lemma abs_det_mat_delete_unit_col:
  fixes M :: "int mat"
  assumes M: "M \<in> carrier_mat n n" and r: "r < n" and j: "j < n"
    and one: "M $$ (r,j) = 1" and zero: "\<And>i. i < n \<Longrightarrow> i \<noteq> r \<Longrightarrow> M $$ (i,j) = 0"
  shows "\<bar>det M\<bar> = \<bar>det (mat_delete M r j)\<bar>"
proof -
  have "det M = (\<Sum>i<n. M $$ (i,j) * cofactor M i j)"
    by (rule laplace_expansion_column[OF M j])
  also have "\<dots> = M $$ (r,j) * cofactor M r j"
    by (rule sum.remove[where x = r, THEN trans]) (use r zero in auto)
  finally show ?thesis
    using one unfolding cofactor_def by (simp add: abs_mult)
qed

lemma card_dense_cols_mat_delete_le:
  assumes M: "M \<in> carrier_mat (Suc n) (Suc n)" and r: "r < Suc n" and j: "j < Suc n"
  shows "card {b. b < n \<and> \<not> sparse_col (mat_delete M r j) n b}
    \<le> card {k. k < Suc n \<and> \<not> sparse_col M (Suc n) k}"
proof (rule card_inj_on_le)
  show "inj_on (insert_index j) {b. b < n \<and> \<not> sparse_col (mat_delete M r j) n b}"
    using insert_index_inj_on by blast
  show "insert_index j ` {b. b < n \<and> \<not> sparse_col (mat_delete M r j) n b}
    \<subseteq> {k. k < Suc n \<and> \<not> sparse_col M (Suc n) k}"
  proof clarify
    fix b assume b: "b < n" and dense: "\<not> sparse_col (mat_delete M r j) n b"
    then obtain a1 a2 where a: "a1 < n" "a2 < n" "a1 \<noteq> a2"
      and nz: "mat_delete M r j $$ (a1,b) \<noteq> 0" "mat_delete M r j $$ (a2,b) \<noteq> 0"
      unfolding sparse_col_def by blast
    have "M $$ (insert_index r a1, insert_index j b) \<noteq> 0" "M $$ (insert_index r a2, insert_index j b) \<noteq> 0"
      using nz mat_delete_index[OF M r j] a b by auto
    moreover have "insert_index r a1 \<noteq> insert_index r a2" "insert_index r a1 < Suc n" "insert_index r a2 < Suc n"
      using a by (auto simp: insert_index_def)
    moreover have "insert_index j b < Suc n"
      using b by (simp add: insert_index_def)
    ultimately show "insert_index j b < Suc n \<and> \<not> sparse_col M (Suc n) (insert_index j b)"
      unfolding sparse_col_def by blast
  qed
qed simp

text \<open>Expanding along sparse columns reduces to at most three columns, whose \<open>0/1\<close> determinant
  is at most \<open>2\<close>.\<close>
lemma abs_det_01_le_2:
  fixes M :: "int mat"
  assumes "M \<in> carrier_mat n n" and "\<forall>i<n. \<forall>j<n. M $$ (i,j) \<in> {0,1}"
    and "card {j. j < n \<and> \<not> sparse_col M n j} \<le> 3"
  shows "\<bar>det M\<bar> \<le> 2"
  using assms
proof (induction n arbitrary: M)
  case 0
  then show ?case by simp
next
  case (Suc n)
  note M = Suc.prems(1) and entries = Suc.prems(2) and dense = Suc.prems(3)
  show ?case
  proof (cases "\<exists>j<Suc n. sparse_col M (Suc n) j")
    case False
    then have "{j. j < Suc n \<and> \<not> sparse_col M (Suc n) j} = {..<Suc n}" by auto
    then show ?thesis using dense abs_det_01_le_2_if_dim_le_3[OF M _ entries] by simp
  next
    case True
    then obtain j where j: "j < Suc n" and sparse: "sparse_col M (Suc n) j" by blast
    show ?thesis
    proof (cases "\<forall>i<Suc n. M $$ (i,j) = 0")
      case True
      then show ?thesis unfolding laplace_expansion_column[OF M j] by simp
    next
      case False
      then obtain r where r: "r < Suc n" and "M $$ (r,j) \<noteq> 0" by blast
      then have one: "M $$ (r,j) = 1" and zero: "\<And>i. i < Suc n \<Longrightarrow> i \<noteq> r \<Longrightarrow> M $$ (i,j) = 0"
        using entries sparse j unfolding sparse_col_def by auto
      define D where "D = mat_delete M r j"
      have D: "D \<in> carrier_mat n n" unfolding D_def using mat_delete_carrier[OF M] by simp
      have "\<forall>a<n. \<forall>b<n. D $$ (a,b) \<in> {0,1}"
        using entries mat_delete_index[OF M r j] unfolding D_def
        by (metis insert_index_def Suc_mono less_SucI)
      moreover have "card {b. b < n \<and> \<not> sparse_col D n b} \<le> 3"
        using card_dense_cols_mat_delete_le[OF M r j] dense unfolding D_def by linarith
      ultimately have "\<bar>det D\<bar> \<le> 2" using Suc.IH D by blast
      then show ?thesis
        using abs_det_mat_delete_unit_col[OF M r j one zero] unfolding D_def by simp
    qed
  qed
qed

section \<open>No small covers when \<open>n \<ge> 4\<close> and \<open>m \<ge> n + 4\<close>\<close>

lemma det_4:
  fixes A :: "'a::comm_ring_1 mat"
  assumes A: "A \<in> carrier_mat 4 4"
  shows "det A = A $$ (0,0) * (A $$ (1,1) * (A $$ (2,2) * A $$ (3,3) - A $$ (2,3) * A $$ (3,2)) - A $$ (2,1) * (A $$ (1,2) * A $$ (3,3) - A $$ (1,3) * A $$ (3,2)) + A $$ (3,1) * (A $$ (1,2) * A $$ (2,3) - A $$ (1,3) * A $$ (2,2)))
   - A $$ (1,0) * (A $$ (0,1) * (A $$ (2,2) * A $$ (3,3) - A $$ (2,3) * A $$ (3,2)) - A $$ (2,1) * (A $$ (0,2) * A $$ (3,3) - A $$ (0,3) * A $$ (3,2)) + A $$ (3,1) * (A $$ (0,2) * A $$ (2,3) - A $$ (0,3) * A $$ (2,2)))
   + A $$ (2,0) * (A $$ (0,1) * (A $$ (1,2) * A $$ (3,3) - A $$ (1,3) * A $$ (3,2)) - A $$ (1,1) * (A $$ (0,2) * A $$ (3,3) - A $$ (0,3) * A $$ (3,2)) + A $$ (3,1) * (A $$ (0,2) * A $$ (1,3) - A $$ (0,3) * A $$ (1,2)))
   - A $$ (3,0) * (A $$ (0,1) * (A $$ (1,2) * A $$ (2,3) - A $$ (1,3) * A $$ (2,2)) - A $$ (1,1) * (A $$ (0,2) * A $$ (2,3) - A $$ (0,3) * A $$ (2,2)) + A $$ (2,1) * (A $$ (0,2) * A $$ (1,3) - A $$ (0,3) * A $$ (1,2)))"
proof -
  have minor: "mat_delete A i 0 \<in> carrier_mat 3 3" for i
    using mat_delete_carrier[OF A] by simp
  have "det A = (\<Sum>i<4. A $$ (i,0) * cofactor A i 0)"
    by (rule laplace_expansion_column[OF A]) simp
  also have "\<dots> = A $$ (0,0) * (A $$ (1,1) * (A $$ (2,2) * A $$ (3,3) - A $$ (2,3) * A $$ (3,2)) - A $$ (2,1) * (A $$ (1,2) * A $$ (3,3) - A $$ (1,3) * A $$ (3,2)) + A $$ (3,1) * (A $$ (1,2) * A $$ (2,3) - A $$ (1,3) * A $$ (2,2)))
   - A $$ (1,0) * (A $$ (0,1) * (A $$ (2,2) * A $$ (3,3) - A $$ (2,3) * A $$ (3,2)) - A $$ (2,1) * (A $$ (0,2) * A $$ (3,3) - A $$ (0,3) * A $$ (3,2)) + A $$ (3,1) * (A $$ (0,2) * A $$ (2,3) - A $$ (0,3) * A $$ (2,2)))
   + A $$ (2,0) * (A $$ (0,1) * (A $$ (1,2) * A $$ (3,3) - A $$ (1,3) * A $$ (3,2)) - A $$ (1,1) * (A $$ (0,2) * A $$ (3,3) - A $$ (0,3) * A $$ (3,2)) + A $$ (3,1) * (A $$ (0,2) * A $$ (1,3) - A $$ (0,3) * A $$ (1,2)))
   - A $$ (3,0) * (A $$ (0,1) * (A $$ (1,2) * A $$ (2,3) - A $$ (1,3) * A $$ (2,2)) - A $$ (1,1) * (A $$ (0,2) * A $$ (2,3) - A $$ (0,3) * A $$ (2,2)) + A $$ (2,1) * (A $$ (0,2) * A $$ (1,3) - A $$ (0,3) * A $$ (1,2)))"
    using A by (simp add: numeral_3_eq_3 numeral_2_eq_2 eval_nat_numeral cofactor_def det_3[OF minor] index_mat_delete insert_index_def algebra_simps)
  finally show ?thesis .
qed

***

Within the records above, find every line containing "cases" and report only how many there are.

2